→ PROBLEM TO WORK ON
All lines in the records below that hold "distance" are to be shown.

→ DATA SUPPLIED
(*
  F0 is a polyhedron, so Hoffman's error bound gives infdist w F0 <= H * ||A w - beta||_inf on
  the box. Hoffman's bound comes from projecting x onto the polyhedron: x - p lies in the cone
  of the active constraint normals (Farkas), and a Caratheodory-type elimination represents it
  with coefficients of total mass at most c * ||x - p||, whence ||x - p||^2 <= c * e * ||x - p||
  when every constraint is violated by at most e.

  On the box the residuals of the estimated and true systems differ by at most
  E = m C ||Ahat - A|| + ||betahat - beta||, which is O_p(n^(-1/2)). Every point of Fn therefore
  has true residual at most t + 2E, and F0 is contained in Fn as soon as E <= t. In case (i)
  E is eventually below t = kappa_n / sqrt n because kappa_n tends to infinity; in case (ii) F0 is
  a single point, so its distance to Fn is bounded by the distance of any point of Fn to F0.
*)
theory Submission
  imports Defs
begin

section \<open>Hoffman's error bound\<close>

definition bounded_conic_rep :: "'a::euclidean_space set \<Rightarrow> real \<Rightarrow> bool" where
  "bounded_conic_rep S c \<longleftrightarrow> c \<ge> 0 \<and> (\<forall>\<mu>. (\<forall>s\<in>S. \<mu> s \<ge> 0) \<longrightarrow> (\<exists>\<nu>. (\<forall>s\<in>S. \<nu> s \<ge> 0) \<and>
      (\<Sum>s\<in>S. \<nu> s *\<^sub>R s) = (\<Sum>s\<in>S. \<mu> s *\<^sub>R s) \<and>
      sum \<nu> S \<le> c * norm (\<Sum>s\<in>S. \<mu> s *\<^sub>R s)))"

lemma bounded_conic_repD:
  assumes "bounded_conic_rep S c" "\<forall>s\<in>S. \<mu> s \<ge> 0"
  shows "\<exists>\<nu>. (\<forall>s\<in>S. \<nu> s \<ge> 0) \<and> (\<Sum>s\<in>S. \<nu> s *\<^sub>R s) = (\<Sum>s\<in>S. \<mu> s *\<^sub>R s) \<and>
      sum \<nu> S \<le> c * norm (\<Sum>s\<in>S. \<mu> s *\<^sub>R s)"
  using assms unfolding bounded_conic_rep_def by blast

lemma bounded_conic_rep_mono:
  assumes "bounded_conic_rep S c" "c \<le> c'"
  shows "bounded_conic_rep S c'"
proof -
  have "c \<ge> 0" using assms(1) unfolding bounded_conic_rep_def by (rule conjunct1)
  then have "c' \<ge> 0" using assms(2) by linarith
  moreover have "\<exists>\<nu>. (\<forall>s\<in>S. \<nu> s \<ge> 0) \<and> (\<Sum>s\<in>S. \<nu> s *\<^sub>R s) = (\<Sum>s\<in>S. \<mu> s *\<^sub>R s) \<and>
      sum \<nu> S \<le> c' * norm (\<Sum>s\<in>S. \<mu> s *\<^sub>R s)" if \<mu>: "\<forall>s\<in>S. \<mu> s \<ge> 0" for \<mu>
  proof -
    obtain \<nu> where "\<forall>s\<in>S. \<nu> s \<ge> 0" "(\<Sum>s\<in>S. \<nu> s *\<^sub>R s) = (\<Sum>s\<in>S. \<mu> s *\<^sub>R s)"
      "sum \<nu> S \<le> c * norm (\<Sum>s\<in>S. \<mu> s *\<^sub>R s)"
      using bounded_conic_repD[OF assms(1) \<mu>] by blast
    moreover have "c * norm (\<Sum>s\<in>S. \<mu> s *\<^sub>R s) \<le> c' * norm (\<Sum>s\<in>S. \<mu> s *\<^sub>R s)"
      using assms(2) by (rule mult_right_mono) simp
    ultimately show ?thesis by (intro exI[of _ \<nu>]) simp
  qed
  ultimately show ?thesis unfolding bounded_conic_rep_def by blast
qed

lemma bounded_conic_rep_if_0_notin_convex_hull:
  fixes S :: "'a::euclidean_space set"
  assumes "finite S" "0 \<notin> convex hull S"
  shows "\<exists>c. bounded_conic_rep S c"
proof -
  have "closed (convex hull S)"
    using assms(1) by (simp add: compact_imp_closed finite_imp_compact_convex_hull)
  then obtain m where m: "m > 0" "\<And>x. x \<in> convex hull S \<Longrightarrow> m \<le> norm x"
    using separate_point_closed[OF _ assms(2)] by (metis dist_0_norm)
  have "sum \<mu> S \<le> 1/m * norm (\<Sum>s\<in>S. \<mu> s *\<^sub>R s)" if \<mu>: "\<forall>s\<in>S. 0 \<le> \<mu> s" for \<mu>
  proof (cases "sum \<mu> S = 0")
    case False
    then have \<sigma>: "sum \<mu> S > 0" using \<mu> by (simp add: order_less_le sum_nonneg)
    \<comment> \<open>normalising \<mu> gives a point of the convex hull, which is at distance at least m from 0\<close>
    have "(\<Sum>s\<in>S. (\<mu> s / sum \<mu> S) *\<^sub>R s) \<in> convex hull S"
      unfolding convex_hull_finite[OF assms(1)]
      using \<mu> \<sigma> by (auto intro!: exI[of _ "\<lambda>s. \<mu> s / sum \<mu> S"] simp: sum_divide_distrib[symmetric])
    then have "m \<le> norm ((1 / sum \<mu> S) *\<^sub>R (\<Sum>s\<in>S. \<mu> s *\<^sub>R s))"
      using m(2) by (simp add: scaleR_sum_right divide_inverse_commute)
    then show ?thesis using m(1) \<sigma> by (simp add: field_simps)
  qed (use m in simp)
  then show ?thesis
    using m(1) unfolding bounded_conic_rep_def by (intro exI[of _ "1/m"]) auto
qed

lemma conic_rep_drop_vector:
  fixes S :: "'a::euclidean_space set"
  assumes "finite S" and \<theta>: "\<forall>s\<in>S. 0 \<le> \<theta> s" "sum \<theta> S = 1" "(\<Sum>s\<in>S. \<theta> s *\<^sub>R s) = 0"
    and \<mu>: "\<forall>s\<in>S. 0 \<le> \<mu> s"
  shows "\<exists>s0\<in>S. \<exists>\<mu>'. (\<forall>s\<in>S - {s0}. 0 \<le> \<mu>' s) \<and>
           (\<Sum>s\<in>S - {s0}. \<mu>' s *\<^sub>R s) = (\<Sum>s\<in>S. \<mu> s *\<^sub>R s)"
proof -
  define T where "T = {s\<in>S. \<theta> s > 0}"
  have "T \<noteq> {}"
  proof
    assume "T = {}"
    then have "\<forall>s\<in>S. \<theta> s = 0" using \<theta>(1) unfolding T_def by force
    then show False using \<theta>(2) by simp
  qed
  moreover have "finite T" using assms(1) unfolding T_def by simp
  ultimately have "Min ((\<lambda>s. \<mu> s / \<theta> s) ` T) \<in> (\<lambda>s. \<mu> s / \<theta> s) ` T"
    and "\<And>s. s \<in> T \<Longrightarrow> Min ((\<lambda>s. \<mu> s / \<theta> s) ` T) \<le> \<mu> s / \<theta> s"
    by simp_all
  then obtain s0 where s0: "s0 \<in> T" "\<And>s. s \<in> T \<Longrightarrow> \<mu> s0 / \<theta> s0 \<le> \<mu> s / \<theta> s"
    by force
  define t where "t = \<mu> s0 / \<theta> s0"
  define \<mu>' where "\<mu>' = (\<lambda>s. \<mu> s - t * \<theta> s)"
  \<comment> \<open>t is the largest multiple of \<theta> that can be subtracted from \<mu> keeping it nonnegative\<close>
  have \<mu>'_nonneg: "0 \<le> \<mu>' s" if "s \<in> S" for s
  proof (cases "\<theta> s > 0")
    case True
    then show ?thesis using s0(2)[of s] that unfolding \<mu>'_def t_def T_def by (simp add: field_simps)
  next
    case False
    then have "\<theta> s = 0" using \<theta>(1) that by force
    then show ?thesis using \<mu> that unfolding \<mu>'_def by simp
  qed
  have s0S: "s0 \<in> S" using s0(1) unfolding T_def by simp
  have "\<mu>' s0 = 0" using s0(1) unfolding \<mu>'_def t_def T_def by simp
  then have "(\<Sum>s\<in>S - {s0}. \<mu>' s *\<^sub>R s) = (\<Sum>s\<in>S. \<mu>' s *\<^sub>R s)"
    by (simp add: sum.remove[OF assms(1) s0S])
  also have "\<dots> = (\<Sum>s\<in>S. \<mu> s *\<^sub>R s) - t *\<^sub>R (\<Sum>s\<in>S. \<theta> s *\<^sub>R s)"
    unfolding \<mu>'_def by (simp add: scaleR_diff_left sum_subtractf scaleR_sum_right)
  finally have "(\<Sum>s\<in>S - {s0}. \<mu>' s *\<^sub>R s) = (\<Sum>s\<in>S. \<mu> s *\<^sub>R s)"
    using \<theta>(3) by simp
  then show ?thesis using \<mu>'_nonneg s0S by blast
qed

lemma bounded_conic_rep_exists:
  fixes S :: "'a::euclidean_space set"
  assumes "finite S"
  shows "\<exists>c. bounded_conic_rep S c"
  using assms
proof (induction "card S" arbitrary: S rule: less_induct)
  case less
  show ?case
  proof (cases "0 \<in> convex hull S")
    case False
    then show ?thesis using bounded_conic_rep_if_0_notin_convex_hull less.prems by blast
  next
    case True
    then obtain \<theta> where \<theta>: "\<forall>s\<in>S. 0 \<le> \<theta> s" "sum \<theta> S = 1" "(\<Sum>s\<in>S. \<theta> s *\<^sub>R s) = 0"
      unfolding convex_hull_finite[OF less.prems] by blast
    have "\<exists>c. bounded_conic_rep (S - {s}) c" if "s \<in> S" for s
      using less.prems that by (intro less.hyps[of "S - {s}"] card_Diff1_less) auto
    then obtain c where c: "\<And>s. s \<in> S \<Longrightarrow> bounded_conic_rep (S - {s}) (c s)"
      by metis
    define c' where "c' = Max (c ` S)"
    have "S \<noteq> {}" using \<theta>(2) by auto
    then have c': "bounded_conic_rep (S - {s}) c'" if "s \<in> S" for s
      using bounded_conic_rep_mono[OF c[OF that]] less.prems that unfolding c'_def by simp
    have "\<exists>\<nu>. (\<forall>s\<in>S. \<nu> s \<ge> 0) \<and> (\<Sum>s\<in>S. \<nu> s *\<^sub>R s) = (\<Sum>s\<in>S. \<mu> s *\<^sub>R s) \<and>
            sum \<nu> S \<le> c' * norm (\<Sum>s\<in>S. \<mu> s *\<^sub>R s)" if \<mu>: "\<forall>s\<in>S. 0 \<le> \<mu> s" for \<mu>
    proof -
      obtain s0 \<mu>' where s0: "s0 \<in> S" and \<mu>': "\<forall>s\<in>S - {s0}. 0 \<le> \<mu>' s"
        "(\<Sum>s\<in>S - {s0}. \<mu>' s *\<^sub>R s) = (\<Sum>s\<in>S. \<mu> s *\<^sub>R s)"
        using conic_rep_drop_vector[OF less.prems \<theta> \<mu>] by blast
      then obtain \<nu> where \<nu>: "\<forall>s\<in>S - {s0}. 0 \<le> \<nu> s"
        "(\<Sum>s\<in>S - {s0}. \<nu> s *\<^sub>R s) = (\<Sum>s\<in>S. \<mu> s *\<^sub>R s)"
        "sum \<nu> (S - {s0}) \<le> c' * norm (\<Sum>s\<in>S. \<mu> s *\<^sub>R s)"
        using bounded_conic_repD[OF c'[OF s0] \<mu>'(1)] \<mu>'(2) by auto
      have "(\<Sum>s\<in>S. (\<nu>(s0 := 0)) s *\<^sub>R s) = (\<Sum>s\<in>S - {s0}. \<nu> s *\<^sub>R s)"
           "sum (\<nu>(s0 := 0)) S = sum \<nu> (S - {s0})"
        using s0 less.prems by (simp_all add: sum.remove)
      then show ?thesis using \<nu> by (intro exI[of _ "\<nu>(s0 := 0)"]) auto
    qed
    moreover have "c' \<ge> 0" using c' \<open>S \<noteq> {}\<close> unfolding bounded_conic_rep_def by blast
    ultimately show ?thesis unfolding bounded_conic_rep_def by blast
  qed
qed

lemma bounded_conic_rep_uniform:
  fixes T :: "'a::euclidean_space set"
  assumes "finite T"
  obtains c where "\<And>S. S \<subseteq> T \<Longrightarrow> bounded_conic_rep S c"
proof -
  have "\<forall>S\<in>Pow T. \<exists>c. bounded_conic_rep S c"
    using assms by (auto intro: bounded_conic_rep_exists finite_subset)
  then obtain c where c: "\<And>S. S \<subseteq> T \<Longrightarrow> bounded_conic_rep S (c S)"
    using finite_set_choice[of "Pow T"] assms by (metis Pow_iff finite_Pow_iff)
  have "bounded_conic_rep S (Max (c ` Pow T))" if "S \<subseteq> T" for S
    using assms that by (intro bounded_conic_rep_mono[OF c[OF that]]) auto
  then show ?thesis by (rule that)
qed

definition polyhedron_of :: "('a::real_inner \<times> real) set \<Rightarrow> 'a set" where
  "polyhedron_of I = {x. \<forall>(a, b)\<in>I. inner a x \<le> b}"

lemma closed_polyhedron_of: "closed (polyhedron_of (I :: ('a::real_inner \<times> real) set))"
proof -
  have "polyhedron_of I = (\<Inter>(a, b)\<in>I. {x. inner a x \<le> b})"
    unfolding polyhedron_of_def by auto
  then show ?thesis by (auto intro!: closed_INT closed_halfspace_le)
qed

lemma convex_polyhedron_of: "convex (polyhedron_of (I :: ('a::real_inner \<times> real) set))"
proof -
  have "polyhedron_of I = (\<Inter>(a, b)\<in>I. {x. inner a x \<le> b})"
    unfolding polyhedron_of_def by auto
  then show ?thesis by (auto intro!: convex_INT convex_halfspace_le)
qed

lemma farkas_finite_cone:
  fixes S :: "'a::euclidean_space set"
  assumes "finite S" "v \<notin> convex_cone hull S"
  obtains d where "inner d v > 0" "\<And>s. s \<in> S \<Longrightarrow> inner s d \<le> 0"
proof -
  obtain a b where ab: "inner a v < b" "\<forall>z\<in>convex_cone hull S. b < inner a z"
    using separating_hyperplane_closed_point[OF convex_convex_cone_hull
        closed_convex_cone_hull[OF assms(1)] assms(2)] by blast
  have b: "b < 0" using ab(2) convex_cone_hull_contains_0 by fastforce
  \<comment> \<open>a positive multiple of s with negative inner product with a would fall below the level b\<close>
  have "inner a s \<ge> 0" if "s \<in> S" for s
  proof (rule ccontr)
    assume neg: "\<not> inner a s \<ge> 0"
    have "(b / inner a s) *\<^sub>R s \<in> convex_cone hull S"
      using convex_cone_hull_mul[of s S "b / inner a s"] hull_subset[of S convex_cone] that b neg
      by (auto simp: divide_nonpos_neg)
    then have "b < inner a ((b / inner a s) *\<^sub>R s)" using ab(2) by blast
    then show False using neg by simp
  qed
  then show ?thesis using ab(1) b that[of "- a"] by (auto simp: inner_commute)
qed

lemma polyhedron_feasible_direction:
  fixes I :: "('a::euclidean_space \<times> real) set"
  assumes "finite I" "p \<in> polyhedron_of I"
    and active: "\<And>a b. (a, b) \<in> I \<Longrightarrow> inner a p = b \<Longrightarrow> inner a d \<le> 0"
  obtains \<tau> where "\<tau> > 0" "p + \<tau> *\<^sub>R d \<in> polyhedron_of I"
proof -
  define J where "J = {(a, b)\<in>I. inner a p \<noteq> b}"
  \<comment> \<open>the inactive constraints have positive slack, so a small step keeps them\<close>
  define \<tau> where "\<tau> = Min (insert 1 ((\<lambda>(a, b). (b - inner a p) / (\<bar>inner a d\<bar> + 1)) ` J))"
  have slack: "inner a p < b" if "(a, b) \<in> J" for a b
    using that assms(2) unfolding J_def polyhedron_of_def by fastforce
  have "finite J" using assms(1) unfolding J_def by (rule rev_finite_subset) auto
  then have \<tau>: "\<tau> > 0" "\<And>a b. (a, b) \<in> J \<Longrightarrow> \<tau> \<le> (b - inner a p) / (\<bar>inner a d\<bar> + 1)"
    unfolding \<tau>_def using slack by (auto simp: add_pos_nonneg intro!: Min.coboundedI rev_image_eqI)
  have "inner a (p + \<tau> *\<^sub>R d) \<le> b" if "(a, b) \<in> I" for a b
  proof (cases "inner a p = b")
    case True
    then show ?thesis using active[OF that] \<tau>(1) by (simp add: inner_add_right mult_nonneg_nonpos)
  next
    case False
    then have "\<tau> * (\<bar>inner a d\<bar> + 1) \<le> b - inner a p"
      using \<tau>(2)[of a b] that unfolding J_def by (simp add: pos_le_divide_eq add_pos_nonneg)
    moreover have "\<tau> * inner a d \<le> \<tau> * (\<bar>inner a d\<bar> + 1)"
      using \<tau>(1) by (intro mult_left_mono) auto
    ultimately show ?thesis by (simp add: inner_add_right)
  qed
  then show ?thesis using that[OF \<tau>(1)] unfolding polyhedron_of_def by blast
qed
lemma sw_rho_shift:
  assumes "n > 0"
  shows "sw n (nat ((int j - k) mod int n)) p = sw n j (p + k) - k"
proof -
  have "(p mod int n = (int j - k) mod int n) \<longleftrightarrow> ((p + k) mod int n = int j mod int n)"
       "(p mod int n = ((int j - k) mod int n + 1) mod int n) \<longleftrightarrow>
        ((p + k) mod int n = (int j + 1) mod int n)"
    using mod_shift_iff[of p "int n" "int j - k" k] mod_shift_iff[of p "int n" "int j - k + 1" k]
    by (simp_all add: mod_add_left_eq)
  then show ?thesis using assms by (simp add: sw_def)
qed

lemma word_perm_rho_shift:
  assumes "n > 0"
  shows "word_perm n (rho_shift n k ws) p = word_perm n ws (p + k) - k"
  by (induction ws arbitrary: p) (simp_all add: rho_shift_def sw_rho_shift[OF assms])

lemma cyl_range:
  assumes "n > 0" shows "cyl n x \<in> {1..n}"
proof -
  have "0 \<le> (x - 1) mod int n" "(x - 1) mod int n < int n" using assms by simp_all
  then show ?thesis by (auto simp: cyl_def)
qed

lemma cyl_eq:
  assumes "i \<in> {1..n}" "x mod int n = int i mod int n"
  shows "cyl n x = i"
proof -
  have "(x - 1) mod int n = (int i - 1) mod int n" using mod_diff_cong[OF assms(2)] by simp
  also have "\<dots> = int i - 1" using assms(1) by simp
  finally show ?thesis by (simp add: cyl_def)
qed

lemma cyl_periodic: "cyl n (x + int n) = cyl n x"
proof -
  have e: "x + int n - 1 = (x - 1) + int n" by simp
  show ?thesis unfolding cyl_def e mod_add_self2 ..
qed

lemma cyl_mod: "n > 0 \<Longrightarrow> int (cyl n x) mod int n = x mod int n"
  by (simp add: cyl_def mod_add_left_eq)

lemma cyl_surj_window:
  assumes "n > 0" "i \<in> {1..n}"
  obtains p where "e - int n < p" "p \<le> e" "cyl n p = i"
proof
  define p where "p = e - (e - int i) mod int n"
  show "e - int n < p" "p \<le> e" using assms(1) by (simp_all add: p_def)
  have "p mod int n = (e - (e - int i)) mod int n"
    unfolding p_def by (rule mod_diff_cong) simp_all
  then show "cyl n p = i" using assms(2) by (intro cyl_eq) simp_all
qed

lemma lessdot_range:
  "n > 0 \<Longrightarrow> lessdot n v u i j \<Longrightarrow> i \<in> {1..n} \<and> j \<in> {1..n}"
  unfolding lessdot_def using cyl_range by blast

lemma cut_arr_eq:
  assumes "t < length v"
  shows "cut_arr n v u t x = word_perm n (rev v) (word_perm n (take t v) x)"
proof -
  have "take t (v @ u) = take t v" using assms by simp
  then show ?thesis
    by (simp only: cut_arr_def arr_eq_word_perm take_all length_rev order_refl comp_apply)
qed
(* Let $L$ and ${}^*L=e^{\sigma(x)}L+\beta$ be as in the context and $\tau=e^{\sigma}\,{}^*L/L$. Then $${}^*S_{hijk}=\tau S_{hijk}-\frac{\tau}{2\,{}^*L}\big[h_{ik}H_{jh}+h_{jh}H_{ik}-h_{hk}H_{ij}-h_{ij}H_{hk}\big].$$
   Context: $M$ is a smooth manifold of dimension $n$ with local coordinates $(x^i)$ and induced fiber coordinates $(y^i)$ on $TM$. $L(x,y)$ is a Finsler metric: positive and smooth for $y\neq0$, positively homogeneous of degree 1 in $y$, with positive definite fundamental tensor $g_{ij}=\frac12\frac{\partial^2L^2}{\partial y^i\partial y^j}$ and inverse $g^{ij}$. $\sigma(x)$ is a smooth function on $M$ and $\beta(x,y)=b_i(x)y^i$ is a 1-form; the conformal $\beta$-change is ${}^*L=e^{\sigma(x)}L+\beta$, assumed to be again a Finsler metric. Notation: $l_i=\partial L/\partial y^i$, $l^i=g^{ij}l_j$, $h_{ij}=g_{ij}-l_il_j$, $c_{ijk}=\frac12\partial g_{ij}/\partial y^k$, $c_i{}^r{}_j=g^{rk}c_{ijk}$, $b^i=g^{ij}b_j$, $m_i=b_i-\frac{\beta}{L}l_i$, $m^i=g^{ij}m_j$, $m^2=m_im^i$, $H_{ij}=c_i{}^r{}_jm_r+\frac{1}{2\,{}^*L}m_im_j+\frac{1}{4\,{}^*L}h_{ij}m^2$, $S_{hijk}=c_{ijr}c_h{}^r{}_k-c_{ikr}c_h{}^r{}_j$. Quantities built from ${}^*L$ by the same formulas (using ${}^*g_{ij}$ and its inverse ${}^*g^{ij}$, e.g. ${}^*c_h{}^r{}_k={}^*g^{rs}\,{}^*c_{hsk}$) are denoted with a left asterisk. *)

theory Defs
  imports "HOL-Analysis.Analysis"
begin

definition dpd :: "'a::real_normed_vector \<Rightarrow> ('a \<Rightarrow> real) \<Rightarrow> 'a \<Rightarrow> real" where
  "dpd v f y = deriv (\<lambda>t. f (y + t *\<^sub>R v)) 0"

definition smooth_on :: "'a::euclidean_space set \<Rightarrow> ('a \<Rightarrow> real) \<Rightarrow> bool" where
  "smooth_on S f \<longleftrightarrow>
     (\<forall>vs. set vs \<subseteq> Basis \<longrightarrow> (\<forall>y\<in>S. (foldr dpd vs f) differentiable (at y)))"

definition pd :: "'n::finite \<Rightarrow> (real^'n \<Rightarrow> real) \<Rightarrow> real^'n \<Rightarrow> real" where
  "pd i F y = dpd (axis i 1) F y"

text \<open>Quantities built from a fibre function F = L(x, .).\<close>
definition gt :: "(real^'n::finite \<Rightarrow> real) \<Rightarrow> 'n \<Rightarrow> 'n \<Rightarrow> real^'n \<Rightarrow> real" where
  "gt F i j y = 1/2 * pd i (pd j (\<lambda>z. (F z)^2)) y"

definition gi :: "(real^'n::finite \<Rightarrow> real) \<Rightarrow> 'n \<Rightarrow> 'n \<Rightarrow> real^'n \<Rightarrow> real" where
  "gi F i j y = matrix_inv (\<chi> a b. gt F a b y) $ i $ j"

definition ll :: "(real^'n::finite \<Rightarrow> real) \<Rightarrow> 'n \<Rightarrow> real^'n \<Rightarrow> real" where
  "ll F i y = pd i F y"

definition hh :: "(real^'n::finite \<Rightarrow> real) \<Rightarrow> 'n \<Rightarrow> 'n \<Rightarrow> real^'n \<Rightarrow> real" where
  "hh F i j y = gt F i j y - ll F i y * ll F j y"

definition ct :: "(real^'n::finite \<Rightarrow> real) \<Rightarrow> 'n \<Rightarrow> 'n \<Rightarrow> 'n \<Rightarrow> real^'n \<Rightarrow> real" where
  "ct F i j k y = 1/2 * pd k (\<lambda>z. gt F i j z) y"

definition cu :: "(real^'n::finite \<Rightarrow> real) \<Rightarrow> 'n \<Rightarrow> 'n \<Rightarrow> 'n \<Rightarrow> real^'n \<Rightarrow> real" where
  "cu F i r j y = (\<Sum>s\<in>UNIV. gi F r s y * ct F i s j y)"

definition SS :: "(real^'n::finite \<Rightarrow> real) \<Rightarrow> 'n \<Rightarrow> 'n \<Rightarrow> 'n \<Rightarrow> 'n \<Rightarrow> real^'n \<Rightarrow> real" where
  "SS F h i j k y = (\<Sum>r\<in>UNIV. ct F i j r y * cu F h r k y - ct F i k r y * cu F h r j y)"

text \<open>m_i = b_i - (beta/L) l_i, with beta = b . y\<close>
definition mm :: "(real^'n::finite \<Rightarrow> real) \<Rightarrow> real^'n \<Rightarrow> 'n \<Rightarrow> real^'n \<Rightarrow> real" where
  "mm F b i y = b $ i - ((b \<bullet> y) / F y) * ll F i y"

definition mu :: "(real^'n::finite \<Rightarrow> real) \<Rightarrow> real^'n \<Rightarrow> 'n \<Rightarrow> real^'n \<Rightarrow> real" where
  "mu F b i y = (\<Sum>j\<in>UNIV. gi F i j y * mm F b j y)"

definition msq :: "(real^'n::finite \<Rightarrow> real) \<Rightarrow> real^'n \<Rightarrow> real^'n \<Rightarrow> real" where
  "msq F b y = (\<Sum>i\<in>UNIV. mm F b i y * mu F b i y)"

definition HH :: "(real^'n::finite \<Rightarrow> real) \<Rightarrow> real^'n \<Rightarrow> (real^'n \<Rightarrow> real)
                   \<Rightarrow> 'n \<Rightarrow> 'n \<Rightarrow> real^'n \<Rightarrow> real" where
  "HH F b sL i j y = (\<Sum>r\<in>UNIV. cu F i r j y * mm F b r y)
      + mm F b i y * mm F b j y / (2 * sL y) + hh F i j y * msq F b y / (4 * sL y)"

definition finsler_on :: "(real^'n::finite) set \<Rightarrow> (real^'n \<Rightarrow> real^'n \<Rightarrow> real) \<Rightarrow> bool" where
  "finsler_on U L \<longleftrightarrow>
     smooth_on (U \<times> (UNIV - {0})) (\<lambda>(x, y). L x y)
   \<and> (\<forall>x\<in>U. \<forall>y. y \<noteq> 0 \<longrightarrow> L x y > 0)
   \<and> (\<forall>x\<in>U. \<forall>y. \<forall>c::real. c > 0 \<longrightarrow> L x (c *\<^sub>R y) = c * L x y)
   \<and> (\<forall>x\<in>U. \<forall>y. y \<noteq> 0 \<longrightarrow>
        (\<forall>v::real^'n. v \<noteq> 0 \<longrightarrow> (\<Sum>i\<in>UNIV. \<Sum>j\<in>UNIV. gt (L x) i j y * v $ i * v $ j) > 0))"

end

→ RESULT OF THIS TASK
  a single point, so its distance to Fn is bounded by the distance of any point of Fn to F0.
    \<comment> \<open>normalising \<mu> gives a point of the convex hull, which is at distance at least m from 0\<close>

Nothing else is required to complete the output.